• Work instruction
Only the lines that include "shifting" should be copied from the data below.

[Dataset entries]
────────────────────
(* Let $n \ge 2$ and let $\vdash$ be derivability in any proof system $\mathcal{S}$ over located sequents (for truth-values $v_1,\dots,v_n$) whose object language contains the unary operators $N_1,\dots,N_n$ and which contains the structural rules listed in the context (initial sequents, shifting, coordination, weakening, cut), possibly together with further rules. Suppose the empty located sequent ${} : {}$ (both sides empty) is not derivable in $\mathcal{S}$. If $v_j$ and $v_k$ ($1 \le j,k \le n$) are both truths (in the sense defined in the context), then $j = k$. Equivalently: if there are two truths $v_j, v_k$ with $j \neq k$, then the empty sequent ${}:{}$ is derivable in $\mathcal{S}$.
   Context: Fix $n \ge 2$ and truth-values $\mathcal{V}=\{v_1,\dots,v_n\}$. A located formula is a pair $(\varphi,k)$ with $\varphi$ an object-language formula and $k\in\{1,\dots,n\}$ (intended meaning: $\varphi$ has value $v_k$). A located sequent is $\Gamma : \Delta$ with $\Gamma,\Delta$ finite (possibly empty) sets of located formulas; "$\Gamma:\Delta,(\varphi,i)$" denotes $\Gamma : \Delta\cup\{(\varphi,i)\}$, and "$\Gamma:\Delta,\{(\varphi,m)\mid m\neq i\}$" denotes $\Gamma:\Delta\cup\{(\varphi,m)\mid 1\le m\le n,\ m\ne i\}$. The proof system contains at least the following rules, for all finite $\Gamma,\Delta,\Gamma',\Delta'$, formulas $\varphi$ and indices: (initial) $\Gamma,(\varphi,i) : \Delta,(\varphi,i)$ is derivable for every $1\le i\le n$; (shift right $\overrightarrow{s}_i$) from $\Gamma,(\varphi,i):\Delta$ infer $\Gamma:\Delta,\{(\varphi,m)\mid m\ne i\}$; (shift left $\overleftarrow{s}_{i,j}$, $j\ne i$) from $\Gamma:\Delta,(\varphi,i)$ infer $\Gamma,(\varphi,j):\Delta$; (coordination $c_{i,j}$, $i\ne j$) from $\Gamma:\Delta,(\varphi,i)$ and $\Gamma:\Delta,(\varphi,j)$ infer $\Gamma:\Delta$; (weakening) from $\Gamma:\Delta$ infer $\Gamma\cup\Gamma':\Delta\cup\Delta'$; (cut) from $\Gamma:\Delta,(\varphi,i)$ and $\Gamma,(\varphi,i):\Delta$ infer $\Gamma:\Delta$. Definition (truth): $v_j$ is a truth iff for every $1\le i\le n$, every formula $\varphi$ and all finite $\Gamma,\Delta$: the sequent $\Gamma:\Delta,(N_i\varphi,j)$ is derivable iff the sequent $\Gamma:\Delta,\{(\varphi,m)\mid m\ne i\}$ is derivable. *)

theory Defs
  imports Main
begin

text \<open>Located formulas are pairs (phi, k) with phi :: 'f an object-language formula
and k a truth-value index in {1..n}.  A located sequent Gamma : Delta is a pair of
finite sets of located formulas.  A proof system is represented by its derivability
predicate D :: located set \<Rightarrow> located set \<Rightarrow> bool.\<close>

type_synonym 'f located = "'f \<times> nat"

definition located_set :: "nat \<Rightarrow> 'f located set \<Rightarrow> bool" where
  "located_set n G \<longleftrightarrow> finite G \<and> (\<forall>x\<in>G. snd x \<in> {1..n})"

definition structural_system ::
  "nat \<Rightarrow> ('f located set \<Rightarrow> 'f located set \<Rightarrow> bool) \<Rightarrow> bool" where
  "structural_system n D \<longleftrightarrow>
     (\<forall>G Dl phi i. located_set n G \<longrightarrow> located_set n Dl \<longrightarrow> i \<in> {1..n} \<longrightarrow>
        D (insert (phi, i) G) (insert (phi, i) Dl))
   \<and> (\<forall>G Dl phi i. located_set n G \<longrightarrow> located_set n Dl \<longrightarrow> i \<in> {1..n} \<longrightarrow>
        D (insert (phi, i) G) Dl \<longrightarrow> D G (Dl \<union> {(phi, m) | m. m \<in> {1..n} \<and> m \<noteq> i}))
   \<and> (\<forall>G Dl phi i j. located_set n G \<longrightarrow> located_set n Dl \<longrightarrow> i \<in> {1..n} \<longrightarrow>
        j \<in> {1..n} \<longrightarrow> j \<noteq> i \<longrightarrow>
        D G (insert (phi, i) Dl) \<longrightarrow> D (insert (phi, j) G) Dl)
   \<and> (\<forall>G Dl phi i j. located_set n G \<longrightarrow> located_set n Dl \<longrightarrow> i \<in> {1..n} \<longrightarrow>
        j \<in> {1..n} \<longrightarrow> i \<noteq> j \<longrightarrow>
        D G (insert (phi, i) Dl) \<longrightarrow> D G (insert (phi, j) Dl) \<longrightarrow> D G Dl)
   \<and> (\<forall>G Dl G' Dl'. located_set n G \<longrightarrow> located_set n Dl \<longrightarrow>
        located_set n G' \<longrightarrow> located_set n Dl' \<longrightarrow>
        D G Dl \<longrightarrow> D (G \<union> G') (Dl \<union> Dl'))
   \<and> (\<forall>G Dl phi i. located_set n G \<longrightarrow> located_set n Dl \<longrightarrow> i \<in> {1..n} \<longrightarrow>
        D G (insert (phi, i) Dl) \<longrightarrow> D (insert (phi, i) G) Dl \<longrightarrow> D G Dl)"

definition is_truth ::
  "nat \<Rightarrow> ('f located set \<Rightarrow> 'f located set \<Rightarrow> bool) \<Rightarrow> (nat \<Rightarrow> 'f \<Rightarrow> 'f) \<Rightarrow> nat \<Rightarrow> bool" where
  "is_truth n D N j \<longleftrightarrow>
     (\<forall>i phi G Dl. i \<in> {1..n} \<longrightarrow> located_set n G \<longrightarrow> located_set n Dl \<longrightarrow>
        (D G (insert (N i phi, j) Dl) \<longleftrightarrow>
         D G (Dl \<union> {(phi, m) | m. m \<in> {1..n} \<and> m \<noteq> i})))"

end

theory Submission
  imports Defs
begin

text \<open>If \<open>v\<^sub>j\<close> and \<open>v\<^sub>k\<close> are both truths, then \<open>N\<^sub>i \<phi>\<close> located at \<open>j\<close> and at \<open>k\<close>
are interderivable on the right, both being equivalent to \<open>\<phi>\<close> located at all values
other than \<open>i\<close>. For \<open>j \<noteq> k\<close> coordination then erases any right-hand \<open>(N\<^sub>i \<phi>, j)\<close>.
Starting from the initial sequent \<open>(\<psi>, j) : (\<psi>, j)\<close> with \<open>\<psi> = N\<^sub>1 \<chi>\<close>, this gives
\<open>(\<psi>, j) : \<close>; shifting right and using that \<open>v\<^sub>j\<close> is a truth yields \<open> : (N\<^sub>j \<psi>, j)\<close>,
and erasing once more gives the empty sequent.\<close>

lemma structural_system_initial:
  assumes "structural_system n D" "located_set n G" "located_set n Dl" "i \<in> {1..n}"
  shows "D (insert (phi, i) G) (insert (phi, i) Dl)"
  using assms(1)[unfolded structural_system_def, THEN conjunct1] assms(2-4) by blast

lemma structural_system_shift_right:
  assumes "structural_system n D" "located_set n G" "located_set n Dl" "i \<in> {1..n}"
    and "D (insert (phi, i) G) Dl"
  shows "D G (Dl \<union> {(phi, m) | m. m \<in> {1..n} \<and> m \<noteq> i})"
  using assms(1)[unfolded structural_system_def, THEN conjunct2, THEN conjunct1] assms(2-5)
  by blast

lemma structural_system_coordination:
  assumes "structural_system n D" "located_set n G" "located_set n Dl"
    and "i \<in> {1..n}" "j \<in> {1..n}" "i \<noteq> j"
    and "D G (insert (phi, i) Dl)" "D G (insert (phi, j) Dl)"
  shows "D G Dl"
  using assms(1)[unfolded structural_system_def, THEN conjunct2, THEN conjunct2,
      THEN conjunct2, THEN conjunct1] assms(2-8)
  by blast

lemma located_set_empty: "located_set n {}"
  by (simp add: located_set_def)

lemma located_set_singleton: "i \<in> {1..n} \<Longrightarrow> located_set n {(phi, i)}"
  by (simp add: located_set_def)

lemma is_truth_right_iff:
  assumes "is_truth n D N j" "i \<in> {1..n}" "located_set n G" "located_set n Dl"
  shows "D G (insert (N i phi, j) Dl) \<longleftrightarrow>
         D G (Dl \<union> {(phi, m) | m. m \<in> {1..n} \<and> m \<noteq> i})"
  using assms unfolding is_truth_def by blast

lemma two_truths_right_iff:
  assumes "is_truth n D N j" "is_truth n D N k"
    and "i \<in> {1..n}" "located_set n G" "located_set n Dl"
  shows "D G (insert (N i phi, j) Dl) \<longleftrightarrow> D G (insert (N i phi, k) Dl)"
  using is_truth_right_iff[OF assms(1) assms(3-5)] is_truth_right_iff[OF assms(2) assms(3-5)]
  by simp

lemma two_truths_erase_right:
  assumes "structural_system n D" "is_truth n D N j" "is_truth n D N k"
    and "j \<in> {1..n}" "k \<in> {1..n}" "j \<noteq> k"
    and "i \<in> {1..n}" "located_set n G" "located_set n Dl"
    and "D G (insert (N i phi, j) Dl)"
  shows "D G Dl"
proof -
  have "D G (insert (N i phi, k) Dl)"
    using two_truths_right_iff[OF assms(2,3,7-9)] assms(10) by simp
  then show ?thesis
    using structural_system_coordination[OF assms(1,8,9,4-6)] assms(10) by blast
qed

theorem mainTheorem1:
  fixes n :: nat
    and D :: "'f located set \<Rightarrow> 'f located set \<Rightarrow> bool"
    and N :: "nat \<Rightarrow> 'f \<Rightarrow> 'f"
    and j k :: nat
  assumes "n \<ge> 2"
    and "structural_system n D"
    and "\<not> D {} {}"
    and "j \<in> {1..n}" and "k \<in> {1..n}"
    and "is_truth n D N j" and "is_truth n D N k"
  shows "j = k"
proof (rule ccontr)
  assume "j \<noteq> k"
  note erase = two_truths_erase_right[OF assms(2,6,7,4,5) \<open>j \<noteq> k\<close>]
  fix chi :: 'f
  define psi where "psi = N 1 chi"
  have one: "1 \<in> {1..n}" using assms(1) by simp
  have "D {(psi, j)} {(psi, j)}"
    using structural_system_initial[OF assms(2) located_set_empty located_set_empty assms(4)]
    by simp
  then have "D {(psi, j)} {}"
    using erase[OF one located_set_singleton[OF assms(4)] located_set_empty]
    unfolding psi_def by simp
  then have "D {} ({} \<union> {(psi, m) | m. m \<in> {1..n} \<and> m \<noteq> j})"
    using structural_system_shift_right[OF assms(2) located_set_empty located_set_empty assms(4)]
    by simp
  then have "D {} {(N j psi, j)}"
    using is_truth_right_iff[OF assms(6,4) located_set_empty located_set_empty] by simp
  then have "D {} {}"
    using erase[OF assms(4) located_set_empty located_set_empty] by simp
  with assms(3) show False ..
qed

end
────────────────────
• Solved exercise
(* Let $n \ge 2$ and let $\vdash$ be derivability in any proof system $\mathcal{S}$ over located sequents (for truth-values $v_1,\dots,v_n$) whose object language contains the unary operators $N_1,\dots,N_n$ and which contains the structural rules listed in the context (initial sequents, shifting, coordination, weakening, cut), possibly together with further rules. Suppose the empty located sequent ${} : {}$ (both sides empty) is not derivable in $\mathcal{S}$. If $v_j$ and $v_k$ ($1 \le j,k \le n$) are both truths (in the sense defined in the context), then $j = k$. Equivalently: if there are two truths $v_j, v_k$ with $j \neq k$, then the empty sequent ${}:{}$ is derivable in $\mathcal{S}$.
\<open>(\<psi>, j) : \<close>; shifting right and using that \<open>v\<^sub>j\<close> is a truth yields \<open> : (N\<^sub>j \<psi>, j)\<close>,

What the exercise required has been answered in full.